## RECORDS PROVIDED
(* Let $\beta>0$, $c\ge0$, $a=\sqrt{\tfrac{\beta}{2}}\sqrt{1+\tfrac{2c}{\beta}-\sqrt{1+\tfrac{4c}{\beta}}}$, $b=\sqrt{\tfrac{\beta}{2}}\sqrt{1+\tfrac{2c}{\beta}+\sqrt{1+\tfrac{4c}{\beta}}}$, $S=[-b,-a]\cup[a,b]$, and let $$f(z)=\frac{2}{\beta z}\sqrt{z-a}\,\sqrt{z-b}\,\sqrt{z+a}\,\sqrt{z+b},$$ each square root being the principal branch (holomorphic on $\mathbb{C}\setminus(-\infty,0]$, positive on $(0,\infty)$). Then the difference of boundary values of $f$, i.e. the distribution $[f]$ on $\mathbb{R}$ given by $([f],\varphi)=\lim_{\varepsilon\to0^+}\int_{\mathbb{R}}\varphi(x)\big(f(x+i\varepsilon)-f(x-i\varepsilon)\big)dx$ for $\varphi\in C_c^\infty(\mathbb{R})$, is $$[f]=2i\pi\,\nu_{\beta,c}+2i\pi\,\frac{2c}{\beta}\,\delta_0,$$ where $\nu_{\beta,c}$ is the probability measure with density $\frac{2}{\pi\beta}\frac{1}{|t|}\sqrt{(t^2-a^2)(b^2-t^2)}$ on $S$ and $0$ off $S$, and $\delta_0$ is the Dirac mass at $0$. *)

theory Defs
  imports "HOL-Analysis.Analysis"
begin

definition edge_a :: "real \<Rightarrow> real \<Rightarrow> real" where
  "edge_a \<beta> c = sqrt (\<beta>/2) * sqrt (1 + 2*c/\<beta> - sqrt (1 + 4*c/\<beta>))"

definition edge_b :: "real \<Rightarrow> real \<Rightarrow> real" where
  "edge_b \<beta> c = sqrt (\<beta>/2) * sqrt (1 + 2*c/\<beta> + sqrt (1 + 4*c/\<beta>))"

definition supp_S :: "real \<Rightarrow> real \<Rightarrow> real set" where
  "supp_S \<beta> c = {-edge_b \<beta> c..-edge_a \<beta> c} \<union> {edge_a \<beta> c..edge_b \<beta> c}"

definition fbc :: "real \<Rightarrow> real \<Rightarrow> complex \<Rightarrow> complex" where
  "fbc \<beta> c z = (let a = complex_of_real (edge_a \<beta> c); b = complex_of_real (edge_b \<beta> c) in
     2 / (complex_of_real \<beta> * z) * csqrt (z - a) * csqrt (z - b) * csqrt (z + a) * csqrt (z + b))"

definition nu_density :: "real \<Rightarrow> real \<Rightarrow> real \<Rightarrow> real" where
  "nu_density \<beta> c t = (if t \<in> supp_S \<beta> c then
      2 / (pi * \<beta>) * (1 / \<bar>t\<bar>) * sqrt ((t^2 - (edge_a \<beta> c)^2) * ((edge_b \<beta> c)^2 - t^2))
    else 0)"

definition nu :: "real \<Rightarrow> real \<Rightarrow> real measure" where
  "nu \<beta> c = density lborel (\<lambda>t. ennreal (nu_density \<beta> c t))"

definition smooth_real :: "(real \<Rightarrow> real) \<Rightarrow> bool" where
  "smooth_real \<phi> \<longleftrightarrow> (\<forall>k. ((deriv ^^ k) \<phi>) differentiable_on UNIV)"

definition test_function :: "(real \<Rightarrow> real) \<Rightarrow> bool" where
  "test_function \<phi> \<longleftrightarrow> smooth_real \<phi> \<and> compact (closure {x. \<phi> x \<noteq> 0})"

end

theory Submission
  imports Defs "HOL-Probability.Sinc_Integral"
begin

text \<open>Off the real axis \<open>f(z) = -(2/\<beta>) \<surd>(a\<^sup>2 - z\<^sup>2) \<surd>(b\<^sup>2 - z\<^sup>2) / z\<close> for the branches of the
  roots with nonnegative real part; since \<open>a b = c\<close>, this is the pole \<open>-2c/(\<beta> z)\<close> plus a term
  bounded by \<open>(2/\<beta>)(a + b + |z|)\<close>. As \<open>f(z\<^sup>*) = f(z)\<^sup>*\<close>, the jump \<open>f(x + i\<epsilon>) - f(x - i\<epsilon>)\<close> is
  \<open>2i Im f(x + i\<epsilon>)\<close>. The pole contributes \<open>2c/\<beta>\<close> times the Poisson kernel \<open>\<epsilon>/(x\<^sup>2 + \<epsilon>\<^sup>2)\<close>,
  whose integral against \<open>\<phi>\<close> tends to \<open>\<pi> \<phi>(0)\<close>; the bounded term converges for almost every \<open>x\<close>
  to \<open>Im f(x + i0)\<close>, which is \<open>\<pi>\<close> times the density of \<open>\<nu>\<close>, and dominated convergence applies.\<close>

lemma tendsto_Complex_at_right: "((\<lambda>e. Complex x e) \<longlongrightarrow> of_real x) (at_right 0)"
  by (auto simp: Complex_eq intro!: tendsto_eq_intros)

text \<open>On the cut \<open>csqrt\<close> takes the value \<open>i \<surd>|t|\<close>, i.e.\ its limit from the upper half-plane.\<close>
lemma tendsto_csqrt_from_above:
  assumes "t \<noteq> 0"
  shows "((\<lambda>e. csqrt (Complex t e)) \<longlongrightarrow> csqrt (of_real t)) (at_right 0)"
proof -
  have off_cut: "((\<lambda>e. csqrt (Complex s (g e))) \<longlongrightarrow> csqrt (of_real s)) (at_right 0)"
    if "s > 0" and "(g \<longlongrightarrow> 0) (at_right (0::real))" for s and g :: "real \<Rightarrow> real"
  proof -
    have "isCont csqrt (of_real s)"
      using \<open>s > 0\<close> by (intro continuous_at_csqrt) (auto simp: complex_nonpos_Reals_iff)
    moreover have "((\<lambda>e. Complex s (g e)) \<longlongrightarrow> of_real s) (at_right 0)"
      using that(2) by (auto simp: Complex_eq intro!: tendsto_eq_intros)
    ultimately show ?thesis
      by (rule isCont_tendsto_compose)
  qed
  show ?thesis
  proof (cases "t > 0")
    case True
    then show ?thesis using off_cut[of t "\<lambda>e. e"] by simp
  next
    case False
    then have "-t > 0" using assms by simp
    have "((\<lambda>e. \<i> * csqrt (Complex (-t) (-e))) \<longlongrightarrow> \<i> * csqrt (of_real (-t))) (at_right 0)"
    proof (intro tendsto_mult tendsto_const off_cut)
      show "((\<lambda>e. - e) \<longlongrightarrow> 0) (at_right (0::real))"
        by (auto intro!: tendsto_eq_intros)
    qed (use \<open>-t > 0\<close> in simp)
    moreover have "\<forall>\<^sub>F e in at_right 0. \<i> * csqrt (Complex (-t) (-e)) = csqrt (Complex t e)"
      using eventually_at_right_less[of 0]
    proof eventually_elim
      case (elim e)
      have "Complex t e = - Complex (-t) (-e)" by (simp add: complex_eq_iff)
      then show ?case using elim by (simp del: csqrt.simps)
    qed
    moreover have "\<i> * csqrt (of_real (-t)) = csqrt (of_real t)"
      using \<open>-t > 0\<close> by (simp add: csqrt_of_real')
    ultimately show ?thesis
      using tendsto_cong[of "\<lambda>e. \<i> * csqrt (Complex (-t) (-e))" "\<lambda>e. csqrt (Complex t e)"] by simp
  qed
qed

lemma csqrt_diff_mult_csqrt_diff:
  assumes "Im z \<noteq> 0"
  shows "csqrt (z - of_real a) * csqrt (z - of_real b) = - (csqrt (of_real a - z) * csqrt (of_real b - z))"
proof (cases "Im z > 0")
  case True
  then have "csqrt (z - of_real t) = \<i> * csqrt (of_real t - z)" for t
    using csqrt_minus[of "of_real t - z"] by simp
  then show ?thesis by (simp add: algebra_simps)
next
  case False
  then have "csqrt (of_real t - z) = \<i> * csqrt (z - of_real t)" for t
    using csqrt_minus[of "z - of_real t"] assms by simp
  then show ?thesis by (simp add: algebra_simps)
qed

lemma borel_measurable_csqrt[measurable]: "csqrt \<in> borel_measurable borel"
proof -
  have "csqrt = (\<lambda>z. of_real (sqrt ((cmod z + Re z) / 2)) +
      \<i> * of_real ((if Im z = 0 then 1 else sgn (Im z)) * sqrt ((cmod z - Re z) / 2)))"
    by (rule ext) (simp add: complex_eq_iff)
  also have "\<dots> \<in> borel_measurable borel"
    by measurable
  finally show ?thesis .
qed

definition root_sq_diff :: "real \<Rightarrow> complex \<Rightarrow> complex" where
  "root_sq_diff a z = csqrt (of_real a - z) * csqrt (z + of_real a)"

lemma root_sq_diff_squared: "(root_sq_diff a z)^2 = (of_real a)^2 - z^2"
  unfolding root_sq_diff_def power_mult_distrib power2_csqrt by (simp add: algebra_simps power2_eq_square)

## PROBLEM TO WORK ON
Where a line of the listing holds "shows", show that line.

## WRITTEN SOLUTION
  shows "((\<lambda>e. csqrt (Complex t e)) \<longlongrightarrow> csqrt (of_real t)) (at_right 0)"
  shows "csqrt (z - of_real a) * csqrt (z - of_real b) = - (csqrt (of_real a - z) * csqrt (of_real b - z))"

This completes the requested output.